*Exercise brief:*
Pull every line holding the string "psmult" from the records below.
*** Data shown Section Begins ***
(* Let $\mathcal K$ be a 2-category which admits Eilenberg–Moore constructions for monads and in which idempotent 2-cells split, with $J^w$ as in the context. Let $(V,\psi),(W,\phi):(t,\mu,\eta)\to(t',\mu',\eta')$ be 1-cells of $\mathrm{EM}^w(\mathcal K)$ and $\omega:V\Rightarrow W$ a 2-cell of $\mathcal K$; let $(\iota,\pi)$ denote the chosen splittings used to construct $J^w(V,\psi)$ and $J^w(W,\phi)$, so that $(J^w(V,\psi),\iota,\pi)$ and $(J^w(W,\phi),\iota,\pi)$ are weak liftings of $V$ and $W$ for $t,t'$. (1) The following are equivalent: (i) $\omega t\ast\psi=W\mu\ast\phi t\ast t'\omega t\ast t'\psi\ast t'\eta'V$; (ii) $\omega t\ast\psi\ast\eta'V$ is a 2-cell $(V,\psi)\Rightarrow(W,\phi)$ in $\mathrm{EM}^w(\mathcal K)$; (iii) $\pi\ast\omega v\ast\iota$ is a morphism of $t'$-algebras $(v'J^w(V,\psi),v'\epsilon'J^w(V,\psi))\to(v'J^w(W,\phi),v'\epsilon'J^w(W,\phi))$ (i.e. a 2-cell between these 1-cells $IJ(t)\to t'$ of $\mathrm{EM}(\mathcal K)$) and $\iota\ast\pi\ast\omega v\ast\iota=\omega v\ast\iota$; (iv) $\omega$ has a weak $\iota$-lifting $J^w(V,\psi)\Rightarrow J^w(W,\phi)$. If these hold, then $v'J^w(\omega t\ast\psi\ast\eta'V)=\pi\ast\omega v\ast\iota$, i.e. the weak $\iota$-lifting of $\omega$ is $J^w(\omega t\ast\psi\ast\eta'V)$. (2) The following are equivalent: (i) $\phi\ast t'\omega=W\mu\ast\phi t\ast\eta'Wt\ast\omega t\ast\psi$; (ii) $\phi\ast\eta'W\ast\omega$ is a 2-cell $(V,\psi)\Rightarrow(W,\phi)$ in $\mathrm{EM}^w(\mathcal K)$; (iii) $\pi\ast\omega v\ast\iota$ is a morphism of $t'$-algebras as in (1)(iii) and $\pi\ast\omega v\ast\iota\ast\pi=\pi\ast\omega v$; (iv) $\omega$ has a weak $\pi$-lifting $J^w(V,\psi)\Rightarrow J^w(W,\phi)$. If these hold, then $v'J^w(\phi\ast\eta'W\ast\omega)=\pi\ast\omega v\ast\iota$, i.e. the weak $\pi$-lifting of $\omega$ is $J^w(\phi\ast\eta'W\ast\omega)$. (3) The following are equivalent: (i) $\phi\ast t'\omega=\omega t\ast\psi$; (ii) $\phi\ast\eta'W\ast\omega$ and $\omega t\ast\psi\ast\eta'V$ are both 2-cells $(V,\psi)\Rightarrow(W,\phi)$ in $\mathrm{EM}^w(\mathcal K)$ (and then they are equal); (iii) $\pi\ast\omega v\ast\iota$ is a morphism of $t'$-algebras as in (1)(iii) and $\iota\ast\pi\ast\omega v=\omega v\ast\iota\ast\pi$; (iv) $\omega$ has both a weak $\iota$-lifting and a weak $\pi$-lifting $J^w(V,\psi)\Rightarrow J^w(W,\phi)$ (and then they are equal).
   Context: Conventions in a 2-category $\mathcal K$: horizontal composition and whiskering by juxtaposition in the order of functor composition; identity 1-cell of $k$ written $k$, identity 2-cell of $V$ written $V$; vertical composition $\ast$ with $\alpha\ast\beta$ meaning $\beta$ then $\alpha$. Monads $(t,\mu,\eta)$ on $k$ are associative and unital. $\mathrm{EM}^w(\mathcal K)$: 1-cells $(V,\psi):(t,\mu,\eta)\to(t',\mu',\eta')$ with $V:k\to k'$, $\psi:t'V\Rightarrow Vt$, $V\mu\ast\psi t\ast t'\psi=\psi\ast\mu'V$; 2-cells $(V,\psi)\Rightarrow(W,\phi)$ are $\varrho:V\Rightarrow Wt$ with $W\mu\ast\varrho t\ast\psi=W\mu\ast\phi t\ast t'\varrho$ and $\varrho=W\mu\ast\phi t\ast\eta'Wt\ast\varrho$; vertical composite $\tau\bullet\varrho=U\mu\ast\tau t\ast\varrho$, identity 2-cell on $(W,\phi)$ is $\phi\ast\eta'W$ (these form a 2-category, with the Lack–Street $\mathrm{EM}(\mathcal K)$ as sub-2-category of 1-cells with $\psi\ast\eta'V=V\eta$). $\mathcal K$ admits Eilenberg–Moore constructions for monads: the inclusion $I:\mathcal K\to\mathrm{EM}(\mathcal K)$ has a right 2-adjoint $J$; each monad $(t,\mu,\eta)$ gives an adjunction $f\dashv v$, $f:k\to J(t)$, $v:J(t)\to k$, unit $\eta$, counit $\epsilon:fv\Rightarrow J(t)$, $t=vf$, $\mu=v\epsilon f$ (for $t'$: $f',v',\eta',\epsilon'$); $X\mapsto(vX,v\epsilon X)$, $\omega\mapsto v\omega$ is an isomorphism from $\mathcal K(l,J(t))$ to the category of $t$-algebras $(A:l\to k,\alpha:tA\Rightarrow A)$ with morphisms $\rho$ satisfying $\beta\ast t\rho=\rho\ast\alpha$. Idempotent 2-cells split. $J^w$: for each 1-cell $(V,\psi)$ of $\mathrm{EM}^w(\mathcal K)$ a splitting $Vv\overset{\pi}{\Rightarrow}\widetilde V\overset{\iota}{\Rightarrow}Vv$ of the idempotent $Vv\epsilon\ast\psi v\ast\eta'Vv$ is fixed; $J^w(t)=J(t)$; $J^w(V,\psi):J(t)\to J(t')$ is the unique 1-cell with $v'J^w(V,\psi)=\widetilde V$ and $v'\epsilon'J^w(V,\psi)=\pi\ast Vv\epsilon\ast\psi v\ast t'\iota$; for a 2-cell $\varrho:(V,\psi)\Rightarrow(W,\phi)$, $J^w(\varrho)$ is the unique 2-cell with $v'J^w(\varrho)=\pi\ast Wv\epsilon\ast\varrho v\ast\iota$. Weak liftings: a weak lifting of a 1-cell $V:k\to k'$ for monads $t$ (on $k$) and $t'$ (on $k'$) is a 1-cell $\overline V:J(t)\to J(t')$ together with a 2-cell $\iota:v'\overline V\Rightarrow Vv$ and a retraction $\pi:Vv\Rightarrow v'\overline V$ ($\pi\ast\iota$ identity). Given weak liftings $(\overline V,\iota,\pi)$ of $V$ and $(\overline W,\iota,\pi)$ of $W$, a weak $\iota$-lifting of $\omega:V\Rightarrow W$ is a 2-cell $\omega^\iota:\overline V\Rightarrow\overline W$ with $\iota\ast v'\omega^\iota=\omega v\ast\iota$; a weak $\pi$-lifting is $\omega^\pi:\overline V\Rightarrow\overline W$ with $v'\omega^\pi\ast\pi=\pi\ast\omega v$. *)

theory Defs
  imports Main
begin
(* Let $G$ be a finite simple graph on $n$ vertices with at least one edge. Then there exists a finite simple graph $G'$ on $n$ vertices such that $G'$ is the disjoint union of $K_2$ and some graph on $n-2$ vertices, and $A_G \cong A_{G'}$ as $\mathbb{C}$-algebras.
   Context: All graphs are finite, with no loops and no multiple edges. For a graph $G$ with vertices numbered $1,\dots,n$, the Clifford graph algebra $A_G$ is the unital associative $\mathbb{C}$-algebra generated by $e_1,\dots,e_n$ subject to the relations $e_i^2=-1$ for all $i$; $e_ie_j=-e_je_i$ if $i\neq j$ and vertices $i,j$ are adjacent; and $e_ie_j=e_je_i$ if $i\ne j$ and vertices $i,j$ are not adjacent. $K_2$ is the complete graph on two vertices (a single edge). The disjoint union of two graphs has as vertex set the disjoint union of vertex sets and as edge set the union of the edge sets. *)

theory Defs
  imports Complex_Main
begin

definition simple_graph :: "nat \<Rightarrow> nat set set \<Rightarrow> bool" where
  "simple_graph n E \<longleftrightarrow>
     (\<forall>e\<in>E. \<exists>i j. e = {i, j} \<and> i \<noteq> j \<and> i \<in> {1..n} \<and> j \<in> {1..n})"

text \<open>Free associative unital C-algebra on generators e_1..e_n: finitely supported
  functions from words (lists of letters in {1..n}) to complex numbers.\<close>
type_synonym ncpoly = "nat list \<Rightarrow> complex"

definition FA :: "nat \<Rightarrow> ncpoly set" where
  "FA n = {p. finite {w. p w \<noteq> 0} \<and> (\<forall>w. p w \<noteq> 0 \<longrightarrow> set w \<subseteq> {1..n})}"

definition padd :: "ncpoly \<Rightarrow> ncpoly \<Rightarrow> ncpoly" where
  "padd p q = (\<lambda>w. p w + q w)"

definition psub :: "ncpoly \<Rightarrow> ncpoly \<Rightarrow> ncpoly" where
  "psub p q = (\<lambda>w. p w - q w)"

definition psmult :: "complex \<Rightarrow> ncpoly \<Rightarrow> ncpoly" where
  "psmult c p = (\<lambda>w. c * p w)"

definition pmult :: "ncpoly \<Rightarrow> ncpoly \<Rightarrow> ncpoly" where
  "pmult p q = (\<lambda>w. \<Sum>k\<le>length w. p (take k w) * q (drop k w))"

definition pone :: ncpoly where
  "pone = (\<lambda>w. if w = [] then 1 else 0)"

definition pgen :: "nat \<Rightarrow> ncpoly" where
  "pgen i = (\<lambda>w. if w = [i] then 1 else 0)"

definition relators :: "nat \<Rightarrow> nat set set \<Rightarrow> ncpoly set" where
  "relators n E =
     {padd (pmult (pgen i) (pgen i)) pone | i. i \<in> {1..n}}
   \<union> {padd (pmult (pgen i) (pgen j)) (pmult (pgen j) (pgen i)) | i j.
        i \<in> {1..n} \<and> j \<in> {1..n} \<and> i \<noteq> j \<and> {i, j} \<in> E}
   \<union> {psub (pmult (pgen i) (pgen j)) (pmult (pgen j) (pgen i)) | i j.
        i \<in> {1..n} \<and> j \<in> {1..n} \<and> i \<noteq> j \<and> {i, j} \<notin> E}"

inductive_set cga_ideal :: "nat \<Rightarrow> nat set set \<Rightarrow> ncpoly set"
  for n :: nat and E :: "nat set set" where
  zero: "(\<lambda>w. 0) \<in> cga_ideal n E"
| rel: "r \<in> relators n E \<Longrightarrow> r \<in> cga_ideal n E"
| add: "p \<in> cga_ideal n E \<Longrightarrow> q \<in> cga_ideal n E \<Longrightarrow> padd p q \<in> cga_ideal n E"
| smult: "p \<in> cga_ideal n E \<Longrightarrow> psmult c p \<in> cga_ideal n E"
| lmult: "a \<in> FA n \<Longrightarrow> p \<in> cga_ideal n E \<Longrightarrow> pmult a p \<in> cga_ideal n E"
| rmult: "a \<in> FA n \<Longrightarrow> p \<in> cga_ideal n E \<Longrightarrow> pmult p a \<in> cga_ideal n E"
*** Data shown Section Ends ***
*Finished task:*
definition psmult :: "complex \<Rightarrow> ncpoly \<Rightarrow> ncpoly" where
  "psmult c p = (\<lambda>w. c * p w)"
| smult: "p \<in> cga_ideal n E \<Longrightarrow> psmult c p \<in> cga_ideal n E"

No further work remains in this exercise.